In the records that follow, find the line with "text \<open>Every adhesion"; from there, retype every line exactly through the line with "contained in bags of the path.\<close>", which also belongs to the answer.

**Records provided**

--

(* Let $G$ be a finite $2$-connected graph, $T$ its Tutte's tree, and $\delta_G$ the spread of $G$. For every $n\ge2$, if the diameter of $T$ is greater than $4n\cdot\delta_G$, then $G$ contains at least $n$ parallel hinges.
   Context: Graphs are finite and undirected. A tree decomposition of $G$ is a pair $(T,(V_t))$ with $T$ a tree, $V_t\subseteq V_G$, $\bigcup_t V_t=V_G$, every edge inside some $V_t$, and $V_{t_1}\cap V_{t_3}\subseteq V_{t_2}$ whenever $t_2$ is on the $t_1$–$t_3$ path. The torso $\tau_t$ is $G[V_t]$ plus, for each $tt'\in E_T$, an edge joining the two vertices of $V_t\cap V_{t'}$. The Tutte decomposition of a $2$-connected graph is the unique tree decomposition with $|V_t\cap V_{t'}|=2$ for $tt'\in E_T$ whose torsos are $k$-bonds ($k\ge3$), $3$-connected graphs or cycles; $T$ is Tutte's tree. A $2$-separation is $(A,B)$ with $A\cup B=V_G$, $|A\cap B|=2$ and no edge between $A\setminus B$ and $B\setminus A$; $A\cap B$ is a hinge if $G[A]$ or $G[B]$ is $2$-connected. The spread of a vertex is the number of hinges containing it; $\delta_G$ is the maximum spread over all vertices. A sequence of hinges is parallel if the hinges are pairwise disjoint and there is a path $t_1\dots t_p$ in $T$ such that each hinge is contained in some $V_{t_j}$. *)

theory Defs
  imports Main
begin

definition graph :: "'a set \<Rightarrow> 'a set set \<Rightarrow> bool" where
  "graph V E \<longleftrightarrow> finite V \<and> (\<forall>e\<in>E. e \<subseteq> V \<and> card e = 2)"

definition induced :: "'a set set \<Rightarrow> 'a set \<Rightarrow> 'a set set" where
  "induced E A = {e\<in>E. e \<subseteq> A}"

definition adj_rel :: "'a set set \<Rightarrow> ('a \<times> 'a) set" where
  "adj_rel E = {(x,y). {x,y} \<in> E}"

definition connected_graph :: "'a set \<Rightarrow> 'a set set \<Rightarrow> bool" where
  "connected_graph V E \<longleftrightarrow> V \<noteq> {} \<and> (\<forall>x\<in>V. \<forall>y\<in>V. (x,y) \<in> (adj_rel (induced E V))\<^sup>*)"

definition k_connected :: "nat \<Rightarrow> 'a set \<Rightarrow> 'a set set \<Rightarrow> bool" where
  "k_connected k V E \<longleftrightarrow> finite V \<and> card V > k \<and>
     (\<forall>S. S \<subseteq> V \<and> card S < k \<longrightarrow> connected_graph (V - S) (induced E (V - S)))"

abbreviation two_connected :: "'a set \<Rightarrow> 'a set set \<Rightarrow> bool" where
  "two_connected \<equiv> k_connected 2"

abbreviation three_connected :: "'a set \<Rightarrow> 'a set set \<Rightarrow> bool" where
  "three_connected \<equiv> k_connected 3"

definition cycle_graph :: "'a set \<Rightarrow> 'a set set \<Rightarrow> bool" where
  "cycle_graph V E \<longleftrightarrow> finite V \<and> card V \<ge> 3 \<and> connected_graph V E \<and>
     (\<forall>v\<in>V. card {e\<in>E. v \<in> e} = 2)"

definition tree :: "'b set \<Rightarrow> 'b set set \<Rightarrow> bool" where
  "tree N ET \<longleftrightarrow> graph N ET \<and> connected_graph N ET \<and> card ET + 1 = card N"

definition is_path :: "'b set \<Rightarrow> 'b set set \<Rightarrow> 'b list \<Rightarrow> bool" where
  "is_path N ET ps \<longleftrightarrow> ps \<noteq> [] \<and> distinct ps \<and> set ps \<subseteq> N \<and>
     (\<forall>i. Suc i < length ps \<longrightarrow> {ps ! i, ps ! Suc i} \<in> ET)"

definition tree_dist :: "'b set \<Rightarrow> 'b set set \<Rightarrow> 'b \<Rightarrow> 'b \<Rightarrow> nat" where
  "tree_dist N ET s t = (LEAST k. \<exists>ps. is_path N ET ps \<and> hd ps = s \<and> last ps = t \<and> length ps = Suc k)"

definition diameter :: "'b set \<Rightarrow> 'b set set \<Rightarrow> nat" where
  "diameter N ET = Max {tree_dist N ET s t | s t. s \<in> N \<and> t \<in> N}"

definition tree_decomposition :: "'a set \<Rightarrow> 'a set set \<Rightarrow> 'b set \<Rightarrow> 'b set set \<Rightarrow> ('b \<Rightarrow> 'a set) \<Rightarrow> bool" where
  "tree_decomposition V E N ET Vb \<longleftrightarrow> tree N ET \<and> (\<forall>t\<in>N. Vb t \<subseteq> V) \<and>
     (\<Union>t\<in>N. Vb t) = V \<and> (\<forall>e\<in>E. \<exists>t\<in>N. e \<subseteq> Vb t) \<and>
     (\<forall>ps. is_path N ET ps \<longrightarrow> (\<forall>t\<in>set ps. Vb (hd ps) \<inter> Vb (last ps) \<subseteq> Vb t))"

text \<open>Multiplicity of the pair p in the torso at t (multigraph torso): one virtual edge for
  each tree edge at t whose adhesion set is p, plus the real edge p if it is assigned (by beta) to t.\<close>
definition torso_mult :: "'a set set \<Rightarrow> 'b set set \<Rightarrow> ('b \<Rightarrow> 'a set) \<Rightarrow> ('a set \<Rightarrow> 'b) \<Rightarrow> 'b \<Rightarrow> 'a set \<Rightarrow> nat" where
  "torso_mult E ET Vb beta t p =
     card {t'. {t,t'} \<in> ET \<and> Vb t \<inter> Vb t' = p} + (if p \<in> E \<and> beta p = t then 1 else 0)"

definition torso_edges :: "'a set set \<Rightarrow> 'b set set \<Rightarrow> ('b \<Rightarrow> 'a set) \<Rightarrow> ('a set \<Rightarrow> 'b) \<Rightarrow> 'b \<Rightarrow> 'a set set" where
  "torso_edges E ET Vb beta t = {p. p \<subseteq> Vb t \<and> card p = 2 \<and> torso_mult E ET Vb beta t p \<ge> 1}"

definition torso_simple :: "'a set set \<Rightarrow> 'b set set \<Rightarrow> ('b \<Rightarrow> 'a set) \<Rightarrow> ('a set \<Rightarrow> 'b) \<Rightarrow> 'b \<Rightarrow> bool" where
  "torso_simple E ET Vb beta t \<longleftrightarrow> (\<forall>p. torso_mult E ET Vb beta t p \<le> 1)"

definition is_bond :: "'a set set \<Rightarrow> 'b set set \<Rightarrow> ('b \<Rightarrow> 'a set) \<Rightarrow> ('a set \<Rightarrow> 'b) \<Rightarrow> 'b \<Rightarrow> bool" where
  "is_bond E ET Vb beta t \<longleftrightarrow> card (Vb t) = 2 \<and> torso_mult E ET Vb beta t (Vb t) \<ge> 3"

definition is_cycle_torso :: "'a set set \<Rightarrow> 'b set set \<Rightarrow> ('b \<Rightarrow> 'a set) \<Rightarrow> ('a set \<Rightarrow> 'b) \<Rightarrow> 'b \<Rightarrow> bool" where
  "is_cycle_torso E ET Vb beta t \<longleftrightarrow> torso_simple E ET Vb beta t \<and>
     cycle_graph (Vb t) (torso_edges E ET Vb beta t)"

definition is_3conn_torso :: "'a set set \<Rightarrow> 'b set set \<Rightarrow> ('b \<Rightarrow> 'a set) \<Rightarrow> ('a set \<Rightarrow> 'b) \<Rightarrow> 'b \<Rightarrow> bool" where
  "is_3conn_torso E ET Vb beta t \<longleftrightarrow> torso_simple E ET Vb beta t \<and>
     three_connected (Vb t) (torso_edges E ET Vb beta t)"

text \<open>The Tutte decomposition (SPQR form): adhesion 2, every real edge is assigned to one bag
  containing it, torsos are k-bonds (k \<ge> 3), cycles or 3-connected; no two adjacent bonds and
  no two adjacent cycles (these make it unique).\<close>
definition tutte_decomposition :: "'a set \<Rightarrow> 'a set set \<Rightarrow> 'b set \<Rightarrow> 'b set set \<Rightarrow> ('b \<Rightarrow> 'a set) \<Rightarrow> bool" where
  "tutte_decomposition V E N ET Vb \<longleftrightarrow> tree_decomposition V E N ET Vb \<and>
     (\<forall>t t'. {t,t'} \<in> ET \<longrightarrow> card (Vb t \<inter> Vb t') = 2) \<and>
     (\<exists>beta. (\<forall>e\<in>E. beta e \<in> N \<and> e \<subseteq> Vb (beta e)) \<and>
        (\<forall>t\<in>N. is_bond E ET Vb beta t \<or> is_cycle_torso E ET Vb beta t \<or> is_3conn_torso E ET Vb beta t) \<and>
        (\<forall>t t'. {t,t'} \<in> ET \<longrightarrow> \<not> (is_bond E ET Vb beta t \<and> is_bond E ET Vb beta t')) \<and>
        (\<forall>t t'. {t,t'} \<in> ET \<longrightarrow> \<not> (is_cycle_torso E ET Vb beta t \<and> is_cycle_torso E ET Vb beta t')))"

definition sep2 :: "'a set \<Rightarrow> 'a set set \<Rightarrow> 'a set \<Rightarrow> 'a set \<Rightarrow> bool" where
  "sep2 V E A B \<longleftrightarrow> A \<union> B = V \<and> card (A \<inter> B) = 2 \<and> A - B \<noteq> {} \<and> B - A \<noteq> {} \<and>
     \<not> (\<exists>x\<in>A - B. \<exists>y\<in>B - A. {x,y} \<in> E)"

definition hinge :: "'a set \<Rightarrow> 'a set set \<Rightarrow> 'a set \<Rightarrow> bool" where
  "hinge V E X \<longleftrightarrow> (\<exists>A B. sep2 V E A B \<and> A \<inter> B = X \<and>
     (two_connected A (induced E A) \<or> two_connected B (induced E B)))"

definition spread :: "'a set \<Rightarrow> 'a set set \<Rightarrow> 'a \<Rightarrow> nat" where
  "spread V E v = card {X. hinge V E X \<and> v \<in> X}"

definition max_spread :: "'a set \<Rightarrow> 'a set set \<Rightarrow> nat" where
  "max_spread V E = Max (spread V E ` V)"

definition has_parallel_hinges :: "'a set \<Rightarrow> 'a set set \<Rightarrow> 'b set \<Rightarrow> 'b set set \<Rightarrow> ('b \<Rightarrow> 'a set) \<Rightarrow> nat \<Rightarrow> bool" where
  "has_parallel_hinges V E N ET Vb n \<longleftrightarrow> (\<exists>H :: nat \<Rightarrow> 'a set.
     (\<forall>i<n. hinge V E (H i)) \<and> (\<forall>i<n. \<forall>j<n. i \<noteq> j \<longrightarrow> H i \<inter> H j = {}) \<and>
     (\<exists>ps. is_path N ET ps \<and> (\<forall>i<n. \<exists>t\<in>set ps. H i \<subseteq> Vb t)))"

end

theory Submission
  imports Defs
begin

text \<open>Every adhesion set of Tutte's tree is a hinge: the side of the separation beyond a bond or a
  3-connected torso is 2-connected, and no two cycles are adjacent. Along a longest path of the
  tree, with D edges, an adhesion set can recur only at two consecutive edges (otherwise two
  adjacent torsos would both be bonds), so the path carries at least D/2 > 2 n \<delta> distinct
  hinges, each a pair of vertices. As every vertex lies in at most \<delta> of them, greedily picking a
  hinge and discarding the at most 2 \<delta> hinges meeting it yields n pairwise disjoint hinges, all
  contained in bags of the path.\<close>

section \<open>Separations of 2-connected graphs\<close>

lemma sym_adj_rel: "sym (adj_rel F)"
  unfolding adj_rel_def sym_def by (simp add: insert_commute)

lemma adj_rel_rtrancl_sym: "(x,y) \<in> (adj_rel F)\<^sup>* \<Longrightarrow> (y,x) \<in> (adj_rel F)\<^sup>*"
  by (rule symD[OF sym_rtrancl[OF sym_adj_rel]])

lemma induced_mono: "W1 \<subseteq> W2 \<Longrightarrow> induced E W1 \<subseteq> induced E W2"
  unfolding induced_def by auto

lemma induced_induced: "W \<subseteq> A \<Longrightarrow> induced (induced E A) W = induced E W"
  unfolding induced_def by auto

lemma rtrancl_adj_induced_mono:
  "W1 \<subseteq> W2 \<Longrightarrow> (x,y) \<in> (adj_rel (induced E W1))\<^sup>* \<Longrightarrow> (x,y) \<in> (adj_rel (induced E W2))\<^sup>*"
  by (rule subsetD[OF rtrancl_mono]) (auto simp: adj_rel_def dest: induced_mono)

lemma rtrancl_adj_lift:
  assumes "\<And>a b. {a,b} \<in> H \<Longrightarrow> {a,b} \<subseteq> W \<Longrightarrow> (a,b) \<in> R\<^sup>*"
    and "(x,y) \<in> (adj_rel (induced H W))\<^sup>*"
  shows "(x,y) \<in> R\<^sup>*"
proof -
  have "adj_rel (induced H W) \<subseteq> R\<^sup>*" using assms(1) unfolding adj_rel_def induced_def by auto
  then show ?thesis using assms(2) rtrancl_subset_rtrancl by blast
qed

--

**Written solution**
text \<open>Every adhesion set of Tutte's tree is a hinge: the side of the separation beyond a bond or a
  3-connected torso is 2-connected, and no two cycles are adjacent. Along a longest path of the
  tree, with D edges, an adhesion set can recur only at two consecutive edges (otherwise two
  adjacent torsos would both be bonds), so the path carries at least D/2 > 2 n \<delta> distinct
  hinges, each a pair of vertices. As every vertex lies in at most \<delta> of them, greedily picking a
  hinge and discarding the at most 2 \<delta> hinges meeting it yields n pairwise disjoint hinges, all
  contained in bags of the path.\<close>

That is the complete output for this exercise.